In the listing below, print exactly the lines between the line holding "ys = length" and the line holding "(\<lambda>h. h zs)", inclusive, and no more.

■ ■ ■

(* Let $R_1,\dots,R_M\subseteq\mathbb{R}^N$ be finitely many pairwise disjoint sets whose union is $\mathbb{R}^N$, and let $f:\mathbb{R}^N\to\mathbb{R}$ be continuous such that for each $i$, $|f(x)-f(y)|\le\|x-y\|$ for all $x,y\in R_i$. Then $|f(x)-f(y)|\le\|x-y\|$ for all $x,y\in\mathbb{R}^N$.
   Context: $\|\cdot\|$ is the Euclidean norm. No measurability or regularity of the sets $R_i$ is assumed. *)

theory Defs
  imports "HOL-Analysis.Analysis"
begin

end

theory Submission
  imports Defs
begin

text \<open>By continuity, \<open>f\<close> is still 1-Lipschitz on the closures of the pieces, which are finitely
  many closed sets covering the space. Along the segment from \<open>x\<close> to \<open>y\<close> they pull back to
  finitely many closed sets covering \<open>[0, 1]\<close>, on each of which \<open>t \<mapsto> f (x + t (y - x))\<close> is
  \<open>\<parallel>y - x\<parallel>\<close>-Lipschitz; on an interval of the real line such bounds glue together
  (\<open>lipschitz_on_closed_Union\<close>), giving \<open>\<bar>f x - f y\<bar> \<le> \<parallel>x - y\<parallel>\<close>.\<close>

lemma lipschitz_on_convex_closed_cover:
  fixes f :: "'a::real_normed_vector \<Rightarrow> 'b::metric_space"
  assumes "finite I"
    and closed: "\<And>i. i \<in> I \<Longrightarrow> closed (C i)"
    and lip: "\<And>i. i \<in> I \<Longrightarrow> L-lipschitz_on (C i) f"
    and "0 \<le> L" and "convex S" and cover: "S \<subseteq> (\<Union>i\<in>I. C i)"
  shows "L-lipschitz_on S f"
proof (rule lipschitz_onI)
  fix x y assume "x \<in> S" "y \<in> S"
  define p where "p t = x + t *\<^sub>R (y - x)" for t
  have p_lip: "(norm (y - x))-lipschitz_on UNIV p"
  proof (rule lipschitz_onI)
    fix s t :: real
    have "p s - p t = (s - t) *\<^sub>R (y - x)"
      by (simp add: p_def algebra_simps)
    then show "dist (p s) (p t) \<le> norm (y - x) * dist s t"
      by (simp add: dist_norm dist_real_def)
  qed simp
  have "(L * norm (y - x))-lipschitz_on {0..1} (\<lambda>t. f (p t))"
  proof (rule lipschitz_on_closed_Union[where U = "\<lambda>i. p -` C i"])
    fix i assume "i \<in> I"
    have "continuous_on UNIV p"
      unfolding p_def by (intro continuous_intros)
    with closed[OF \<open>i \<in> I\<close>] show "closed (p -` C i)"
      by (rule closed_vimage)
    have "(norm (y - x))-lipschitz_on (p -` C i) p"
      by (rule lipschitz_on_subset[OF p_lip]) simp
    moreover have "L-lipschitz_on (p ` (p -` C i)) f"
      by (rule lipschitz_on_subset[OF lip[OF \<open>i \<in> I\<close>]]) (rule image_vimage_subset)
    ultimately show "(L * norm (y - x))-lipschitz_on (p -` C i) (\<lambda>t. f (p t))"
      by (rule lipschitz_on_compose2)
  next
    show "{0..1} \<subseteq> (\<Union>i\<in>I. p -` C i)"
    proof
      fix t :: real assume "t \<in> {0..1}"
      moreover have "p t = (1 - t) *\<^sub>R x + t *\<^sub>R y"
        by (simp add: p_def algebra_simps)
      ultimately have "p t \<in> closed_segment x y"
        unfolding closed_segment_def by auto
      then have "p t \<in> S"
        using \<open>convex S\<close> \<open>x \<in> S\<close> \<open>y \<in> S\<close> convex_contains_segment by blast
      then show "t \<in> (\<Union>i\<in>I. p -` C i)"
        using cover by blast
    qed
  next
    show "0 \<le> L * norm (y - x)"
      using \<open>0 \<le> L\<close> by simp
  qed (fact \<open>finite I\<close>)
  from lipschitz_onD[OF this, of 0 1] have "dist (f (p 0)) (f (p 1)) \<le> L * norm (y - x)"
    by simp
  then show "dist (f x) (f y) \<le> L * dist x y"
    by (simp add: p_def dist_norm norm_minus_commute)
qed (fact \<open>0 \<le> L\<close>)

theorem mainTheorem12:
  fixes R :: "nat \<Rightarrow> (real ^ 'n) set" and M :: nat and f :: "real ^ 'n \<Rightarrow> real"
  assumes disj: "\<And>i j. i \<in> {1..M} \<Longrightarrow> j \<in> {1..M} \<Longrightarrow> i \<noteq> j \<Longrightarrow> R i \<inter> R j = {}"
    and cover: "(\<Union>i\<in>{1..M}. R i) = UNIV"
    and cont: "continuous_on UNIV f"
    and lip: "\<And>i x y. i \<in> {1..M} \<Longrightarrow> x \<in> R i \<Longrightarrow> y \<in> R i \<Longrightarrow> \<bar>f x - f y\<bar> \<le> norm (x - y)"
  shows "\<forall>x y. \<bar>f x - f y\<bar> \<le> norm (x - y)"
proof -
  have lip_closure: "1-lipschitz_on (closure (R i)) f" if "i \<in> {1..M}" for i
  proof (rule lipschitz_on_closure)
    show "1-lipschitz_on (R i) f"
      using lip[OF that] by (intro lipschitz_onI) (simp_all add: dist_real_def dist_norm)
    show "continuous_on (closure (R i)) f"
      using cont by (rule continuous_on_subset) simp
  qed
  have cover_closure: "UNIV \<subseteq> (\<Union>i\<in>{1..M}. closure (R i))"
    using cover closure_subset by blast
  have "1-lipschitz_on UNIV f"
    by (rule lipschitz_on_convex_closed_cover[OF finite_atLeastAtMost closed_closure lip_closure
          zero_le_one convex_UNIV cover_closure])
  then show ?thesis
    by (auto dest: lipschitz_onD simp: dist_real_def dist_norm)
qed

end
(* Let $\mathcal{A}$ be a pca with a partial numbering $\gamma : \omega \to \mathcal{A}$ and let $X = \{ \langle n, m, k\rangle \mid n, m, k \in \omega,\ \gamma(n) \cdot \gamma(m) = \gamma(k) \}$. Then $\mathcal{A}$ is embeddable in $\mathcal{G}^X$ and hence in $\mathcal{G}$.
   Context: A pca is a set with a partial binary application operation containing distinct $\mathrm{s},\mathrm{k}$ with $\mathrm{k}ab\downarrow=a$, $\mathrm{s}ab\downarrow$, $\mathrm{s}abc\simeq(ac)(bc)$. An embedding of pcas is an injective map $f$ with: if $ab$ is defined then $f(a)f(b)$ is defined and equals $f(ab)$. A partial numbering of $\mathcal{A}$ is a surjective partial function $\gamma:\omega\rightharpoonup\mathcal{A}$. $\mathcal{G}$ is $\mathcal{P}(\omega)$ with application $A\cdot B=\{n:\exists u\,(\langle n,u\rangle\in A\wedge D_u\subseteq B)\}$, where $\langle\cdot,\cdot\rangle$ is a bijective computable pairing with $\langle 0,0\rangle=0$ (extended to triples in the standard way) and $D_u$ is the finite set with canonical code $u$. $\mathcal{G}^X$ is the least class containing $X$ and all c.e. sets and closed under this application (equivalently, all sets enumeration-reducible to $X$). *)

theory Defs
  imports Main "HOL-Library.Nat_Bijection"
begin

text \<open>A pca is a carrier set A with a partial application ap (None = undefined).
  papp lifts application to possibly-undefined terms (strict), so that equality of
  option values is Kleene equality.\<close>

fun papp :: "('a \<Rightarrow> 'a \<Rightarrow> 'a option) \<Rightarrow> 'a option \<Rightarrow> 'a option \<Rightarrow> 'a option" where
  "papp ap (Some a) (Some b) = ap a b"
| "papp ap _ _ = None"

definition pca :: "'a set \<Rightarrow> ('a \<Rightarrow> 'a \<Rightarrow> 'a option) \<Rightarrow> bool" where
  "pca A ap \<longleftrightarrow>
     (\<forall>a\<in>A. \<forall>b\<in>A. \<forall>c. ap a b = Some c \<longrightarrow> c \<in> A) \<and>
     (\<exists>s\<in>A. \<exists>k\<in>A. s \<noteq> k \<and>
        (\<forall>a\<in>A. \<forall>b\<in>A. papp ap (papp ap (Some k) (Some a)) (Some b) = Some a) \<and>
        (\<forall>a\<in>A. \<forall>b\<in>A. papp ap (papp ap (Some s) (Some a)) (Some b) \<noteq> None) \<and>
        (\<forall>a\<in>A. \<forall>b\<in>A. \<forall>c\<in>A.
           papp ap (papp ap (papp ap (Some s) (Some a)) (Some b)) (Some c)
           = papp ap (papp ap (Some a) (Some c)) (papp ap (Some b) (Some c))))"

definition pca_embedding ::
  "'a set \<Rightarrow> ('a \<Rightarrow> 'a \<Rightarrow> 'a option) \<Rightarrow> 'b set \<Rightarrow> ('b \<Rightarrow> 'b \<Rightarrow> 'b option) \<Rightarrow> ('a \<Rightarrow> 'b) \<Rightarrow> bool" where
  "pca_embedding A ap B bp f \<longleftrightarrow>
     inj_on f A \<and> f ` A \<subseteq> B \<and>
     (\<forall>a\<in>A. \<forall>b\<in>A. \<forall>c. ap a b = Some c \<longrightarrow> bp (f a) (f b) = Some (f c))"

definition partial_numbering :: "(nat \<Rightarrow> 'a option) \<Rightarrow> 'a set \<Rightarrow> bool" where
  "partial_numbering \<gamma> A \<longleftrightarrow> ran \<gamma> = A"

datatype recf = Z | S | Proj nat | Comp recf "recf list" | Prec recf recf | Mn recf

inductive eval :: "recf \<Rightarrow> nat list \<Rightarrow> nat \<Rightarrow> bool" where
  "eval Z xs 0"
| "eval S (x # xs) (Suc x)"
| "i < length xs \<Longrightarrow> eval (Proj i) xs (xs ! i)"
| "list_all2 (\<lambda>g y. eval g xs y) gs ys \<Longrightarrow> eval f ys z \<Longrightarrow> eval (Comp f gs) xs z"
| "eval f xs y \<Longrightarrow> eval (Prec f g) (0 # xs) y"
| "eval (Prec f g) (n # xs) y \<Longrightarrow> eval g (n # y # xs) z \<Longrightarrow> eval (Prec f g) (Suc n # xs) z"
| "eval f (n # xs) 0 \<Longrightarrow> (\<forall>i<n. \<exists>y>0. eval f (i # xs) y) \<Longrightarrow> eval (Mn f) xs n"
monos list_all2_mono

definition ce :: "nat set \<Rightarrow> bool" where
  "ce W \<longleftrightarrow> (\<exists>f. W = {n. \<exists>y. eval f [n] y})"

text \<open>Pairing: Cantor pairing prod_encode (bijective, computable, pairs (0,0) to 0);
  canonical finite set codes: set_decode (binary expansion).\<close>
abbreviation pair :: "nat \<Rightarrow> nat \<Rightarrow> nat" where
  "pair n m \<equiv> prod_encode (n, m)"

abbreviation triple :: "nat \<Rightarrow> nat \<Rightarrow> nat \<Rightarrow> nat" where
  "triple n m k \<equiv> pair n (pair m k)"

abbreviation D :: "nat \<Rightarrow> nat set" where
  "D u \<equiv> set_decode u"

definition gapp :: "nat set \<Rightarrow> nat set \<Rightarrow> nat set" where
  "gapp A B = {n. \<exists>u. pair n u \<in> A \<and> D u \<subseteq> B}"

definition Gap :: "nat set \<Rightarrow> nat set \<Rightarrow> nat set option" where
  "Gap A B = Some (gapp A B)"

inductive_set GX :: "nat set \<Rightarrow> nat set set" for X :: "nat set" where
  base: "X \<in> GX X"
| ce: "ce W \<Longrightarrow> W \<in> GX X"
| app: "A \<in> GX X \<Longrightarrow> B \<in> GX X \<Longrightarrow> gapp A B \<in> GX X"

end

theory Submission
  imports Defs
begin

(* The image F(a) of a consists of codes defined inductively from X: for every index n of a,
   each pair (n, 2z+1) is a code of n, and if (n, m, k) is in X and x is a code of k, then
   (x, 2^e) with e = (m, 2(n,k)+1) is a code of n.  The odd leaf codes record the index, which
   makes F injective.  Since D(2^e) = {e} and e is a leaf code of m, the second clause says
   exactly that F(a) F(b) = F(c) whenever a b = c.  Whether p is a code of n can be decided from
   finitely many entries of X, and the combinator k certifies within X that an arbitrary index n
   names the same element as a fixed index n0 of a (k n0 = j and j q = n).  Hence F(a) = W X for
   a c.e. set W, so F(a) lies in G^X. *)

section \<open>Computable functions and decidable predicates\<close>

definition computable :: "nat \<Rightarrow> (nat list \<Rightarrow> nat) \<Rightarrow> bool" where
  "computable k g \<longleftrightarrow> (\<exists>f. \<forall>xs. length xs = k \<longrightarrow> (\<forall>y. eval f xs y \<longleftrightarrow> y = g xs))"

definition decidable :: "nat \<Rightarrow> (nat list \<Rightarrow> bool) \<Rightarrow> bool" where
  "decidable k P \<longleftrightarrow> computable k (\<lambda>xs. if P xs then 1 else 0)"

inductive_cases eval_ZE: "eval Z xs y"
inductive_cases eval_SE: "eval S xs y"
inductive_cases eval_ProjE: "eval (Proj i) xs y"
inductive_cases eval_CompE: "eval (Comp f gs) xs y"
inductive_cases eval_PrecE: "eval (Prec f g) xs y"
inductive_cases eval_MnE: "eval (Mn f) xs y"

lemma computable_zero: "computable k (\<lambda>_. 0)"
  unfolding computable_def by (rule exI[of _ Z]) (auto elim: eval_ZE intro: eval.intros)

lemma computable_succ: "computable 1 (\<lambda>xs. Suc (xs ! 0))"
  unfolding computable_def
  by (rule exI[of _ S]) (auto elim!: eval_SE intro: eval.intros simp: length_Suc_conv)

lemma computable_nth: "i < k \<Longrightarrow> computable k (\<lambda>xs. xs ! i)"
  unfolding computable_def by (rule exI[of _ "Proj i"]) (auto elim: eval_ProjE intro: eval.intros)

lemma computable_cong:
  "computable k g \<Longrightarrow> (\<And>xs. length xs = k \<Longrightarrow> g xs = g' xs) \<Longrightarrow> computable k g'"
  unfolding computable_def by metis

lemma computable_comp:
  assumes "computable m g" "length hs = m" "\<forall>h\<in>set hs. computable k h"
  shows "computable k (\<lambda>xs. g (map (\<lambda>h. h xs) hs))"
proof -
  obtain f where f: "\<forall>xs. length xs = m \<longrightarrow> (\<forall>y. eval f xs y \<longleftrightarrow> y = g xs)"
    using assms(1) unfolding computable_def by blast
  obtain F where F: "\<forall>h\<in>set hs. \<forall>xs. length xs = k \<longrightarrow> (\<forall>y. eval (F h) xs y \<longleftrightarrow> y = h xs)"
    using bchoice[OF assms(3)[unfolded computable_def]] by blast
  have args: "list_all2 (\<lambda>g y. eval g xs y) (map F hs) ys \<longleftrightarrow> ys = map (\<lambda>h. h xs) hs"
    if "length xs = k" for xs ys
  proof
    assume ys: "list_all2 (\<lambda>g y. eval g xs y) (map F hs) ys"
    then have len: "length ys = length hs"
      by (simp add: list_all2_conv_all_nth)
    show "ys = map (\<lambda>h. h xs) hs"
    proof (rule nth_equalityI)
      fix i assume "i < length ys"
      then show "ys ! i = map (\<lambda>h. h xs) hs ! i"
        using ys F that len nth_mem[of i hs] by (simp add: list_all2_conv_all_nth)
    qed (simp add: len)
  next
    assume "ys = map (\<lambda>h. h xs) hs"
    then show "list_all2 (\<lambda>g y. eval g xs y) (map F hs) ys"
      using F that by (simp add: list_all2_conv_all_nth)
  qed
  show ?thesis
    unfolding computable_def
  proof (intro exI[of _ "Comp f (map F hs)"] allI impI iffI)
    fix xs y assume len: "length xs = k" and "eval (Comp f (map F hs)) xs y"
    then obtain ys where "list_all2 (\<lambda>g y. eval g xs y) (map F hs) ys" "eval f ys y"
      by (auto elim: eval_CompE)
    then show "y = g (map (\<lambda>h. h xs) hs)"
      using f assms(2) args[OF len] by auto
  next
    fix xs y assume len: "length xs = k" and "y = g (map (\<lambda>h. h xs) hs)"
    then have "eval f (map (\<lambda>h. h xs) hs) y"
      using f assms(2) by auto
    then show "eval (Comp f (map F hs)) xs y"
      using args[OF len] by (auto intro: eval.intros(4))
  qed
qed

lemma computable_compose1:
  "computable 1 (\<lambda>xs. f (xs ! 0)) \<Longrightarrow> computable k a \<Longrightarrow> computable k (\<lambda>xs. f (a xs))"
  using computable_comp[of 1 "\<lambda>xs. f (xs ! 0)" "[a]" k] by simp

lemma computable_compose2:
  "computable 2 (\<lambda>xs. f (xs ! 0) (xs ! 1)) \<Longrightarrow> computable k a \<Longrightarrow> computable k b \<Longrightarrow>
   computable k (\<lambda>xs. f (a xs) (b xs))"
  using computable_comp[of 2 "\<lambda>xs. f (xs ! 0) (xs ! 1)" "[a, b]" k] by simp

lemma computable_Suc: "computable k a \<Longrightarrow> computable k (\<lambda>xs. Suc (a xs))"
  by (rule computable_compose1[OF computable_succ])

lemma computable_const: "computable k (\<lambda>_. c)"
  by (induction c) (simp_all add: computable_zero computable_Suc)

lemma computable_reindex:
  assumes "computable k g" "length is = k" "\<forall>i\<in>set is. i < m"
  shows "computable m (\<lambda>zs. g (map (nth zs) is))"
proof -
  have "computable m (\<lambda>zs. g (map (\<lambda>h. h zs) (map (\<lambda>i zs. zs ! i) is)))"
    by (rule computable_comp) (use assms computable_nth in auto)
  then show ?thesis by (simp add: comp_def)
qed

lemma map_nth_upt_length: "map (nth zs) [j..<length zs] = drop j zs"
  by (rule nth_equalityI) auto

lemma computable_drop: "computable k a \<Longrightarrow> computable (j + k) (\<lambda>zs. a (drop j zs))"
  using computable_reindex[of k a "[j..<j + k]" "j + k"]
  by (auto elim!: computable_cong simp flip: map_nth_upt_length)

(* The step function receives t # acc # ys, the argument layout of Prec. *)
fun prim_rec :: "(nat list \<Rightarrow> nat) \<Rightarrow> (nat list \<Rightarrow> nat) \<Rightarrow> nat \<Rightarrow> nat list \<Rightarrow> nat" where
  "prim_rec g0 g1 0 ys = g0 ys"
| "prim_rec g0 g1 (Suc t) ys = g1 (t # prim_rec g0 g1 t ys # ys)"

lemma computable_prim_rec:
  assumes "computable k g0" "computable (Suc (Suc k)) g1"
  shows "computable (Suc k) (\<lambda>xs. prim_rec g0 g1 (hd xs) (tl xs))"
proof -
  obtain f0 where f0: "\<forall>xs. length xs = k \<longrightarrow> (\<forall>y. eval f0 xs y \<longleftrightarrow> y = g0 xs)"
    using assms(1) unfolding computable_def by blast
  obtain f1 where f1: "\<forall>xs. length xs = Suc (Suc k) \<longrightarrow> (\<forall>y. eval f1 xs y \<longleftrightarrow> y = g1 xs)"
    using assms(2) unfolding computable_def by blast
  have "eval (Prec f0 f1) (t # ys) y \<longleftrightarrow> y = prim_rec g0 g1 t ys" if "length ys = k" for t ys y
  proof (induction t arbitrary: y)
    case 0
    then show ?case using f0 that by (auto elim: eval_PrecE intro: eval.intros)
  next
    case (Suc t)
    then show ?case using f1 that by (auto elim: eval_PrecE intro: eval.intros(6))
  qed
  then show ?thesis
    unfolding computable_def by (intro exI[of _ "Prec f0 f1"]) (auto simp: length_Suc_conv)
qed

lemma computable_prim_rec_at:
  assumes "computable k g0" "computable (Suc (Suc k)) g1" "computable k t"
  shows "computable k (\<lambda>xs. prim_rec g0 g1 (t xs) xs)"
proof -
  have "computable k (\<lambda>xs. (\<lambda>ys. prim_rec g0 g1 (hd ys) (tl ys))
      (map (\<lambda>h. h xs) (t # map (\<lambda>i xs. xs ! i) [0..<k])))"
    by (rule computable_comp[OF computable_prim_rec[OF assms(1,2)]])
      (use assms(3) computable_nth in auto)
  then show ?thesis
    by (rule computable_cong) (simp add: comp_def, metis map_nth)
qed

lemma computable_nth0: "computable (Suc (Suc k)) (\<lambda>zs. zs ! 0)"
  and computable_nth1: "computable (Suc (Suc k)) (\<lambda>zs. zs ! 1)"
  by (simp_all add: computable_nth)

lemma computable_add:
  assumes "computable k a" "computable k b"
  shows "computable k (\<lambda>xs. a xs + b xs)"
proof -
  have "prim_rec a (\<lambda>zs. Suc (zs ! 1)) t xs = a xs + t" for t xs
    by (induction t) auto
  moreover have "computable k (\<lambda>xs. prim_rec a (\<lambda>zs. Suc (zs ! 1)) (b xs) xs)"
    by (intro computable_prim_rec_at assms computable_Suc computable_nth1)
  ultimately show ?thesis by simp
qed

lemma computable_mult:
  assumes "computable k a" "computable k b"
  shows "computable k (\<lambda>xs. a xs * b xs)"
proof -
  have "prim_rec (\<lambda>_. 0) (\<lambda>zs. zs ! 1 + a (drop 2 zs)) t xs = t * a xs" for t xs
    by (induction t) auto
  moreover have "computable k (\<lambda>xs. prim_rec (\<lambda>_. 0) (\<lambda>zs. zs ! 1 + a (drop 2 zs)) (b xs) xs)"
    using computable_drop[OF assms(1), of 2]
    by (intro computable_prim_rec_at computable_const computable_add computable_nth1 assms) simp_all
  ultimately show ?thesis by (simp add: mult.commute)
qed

■ ■ ■

## REPLY TO THE EXERCISE
    then have len: "length ys = length hs"
      by (simp add: list_all2_conv_all_nth)
    show "ys = map (\<lambda>h. h xs) hs"
    proof (rule nth_equalityI)
      fix i assume "i < length ys"
      then show "ys ! i = map (\<lambda>h. h xs) hs ! i"
        using ys F that len nth_mem[of i hs] by (simp add: list_all2_conv_all_nth)
    qed (simp add: len)
  next
    assume "ys = map (\<lambda>h. h xs) hs"
    then show "list_all2 (\<lambda>g y. eval g xs y) (map F hs) ys"
      using F that by (simp add: list_all2_conv_all_nth)
  qed
  show ?thesis
    unfolding computable_def
  proof (intro exI[of _ "Comp f (map F hs)"] allI impI iffI)
    fix xs y assume len: "length xs = k" and "eval (Comp f (map F hs)) xs y"
    then obtain ys where "list_all2 (\<lambda>g y. eval g xs y) (map F hs) ys" "eval f ys y"
      by (auto elim: eval_CompE)
    then show "y = g (map (\<lambda>h. h xs) hs)"
      using f assms(2) args[OF len] by auto
  next
    fix xs y assume len: "length xs = k" and "y = g (map (\<lambda>h. h xs) hs)"
    then have "eval f (map (\<lambda>h. h xs) hs) y"
      using f assms(2) by auto
    then show "eval (Comp f (map F hs)) xs y"
      using args[OF len] by (auto intro: eval.intros(4))
  qed
qed

lemma computable_compose1:
  "computable 1 (\<lambda>xs. f (xs ! 0)) \<Longrightarrow> computable k a \<Longrightarrow> computable k (\<lambda>xs. f (a xs))"
  using computable_comp[of 1 "\<lambda>xs. f (xs ! 0)" "[a]" k] by simp

lemma computable_compose2:
  "computable 2 (\<lambda>xs. f (xs ! 0) (xs ! 1)) \<Longrightarrow> computable k a \<Longrightarrow> computable k b \<Longrightarrow>
   computable k (\<lambda>xs. f (a xs) (b xs))"
  using computable_comp[of 2 "\<lambda>xs. f (xs ! 0) (xs ! 1)" "[a, b]" k] by simp

lemma computable_Suc: "computable k a \<Longrightarrow> computable k (\<lambda>xs. Suc (a xs))"
  by (rule computable_compose1[OF computable_succ])

lemma computable_const: "computable k (\<lambda>_. c)"
  by (induction c) (simp_all add: computable_zero computable_Suc)

lemma computable_reindex:
  assumes "computable k g" "length is = k" "\<forall>i\<in>set is. i < m"
  shows "computable m (\<lambda>zs. g (map (nth zs) is))"
proof -
  have "computable m (\<lambda>zs. g (map (\<lambda>h. h zs) (map (\<lambda>i zs. zs ! i) is)))"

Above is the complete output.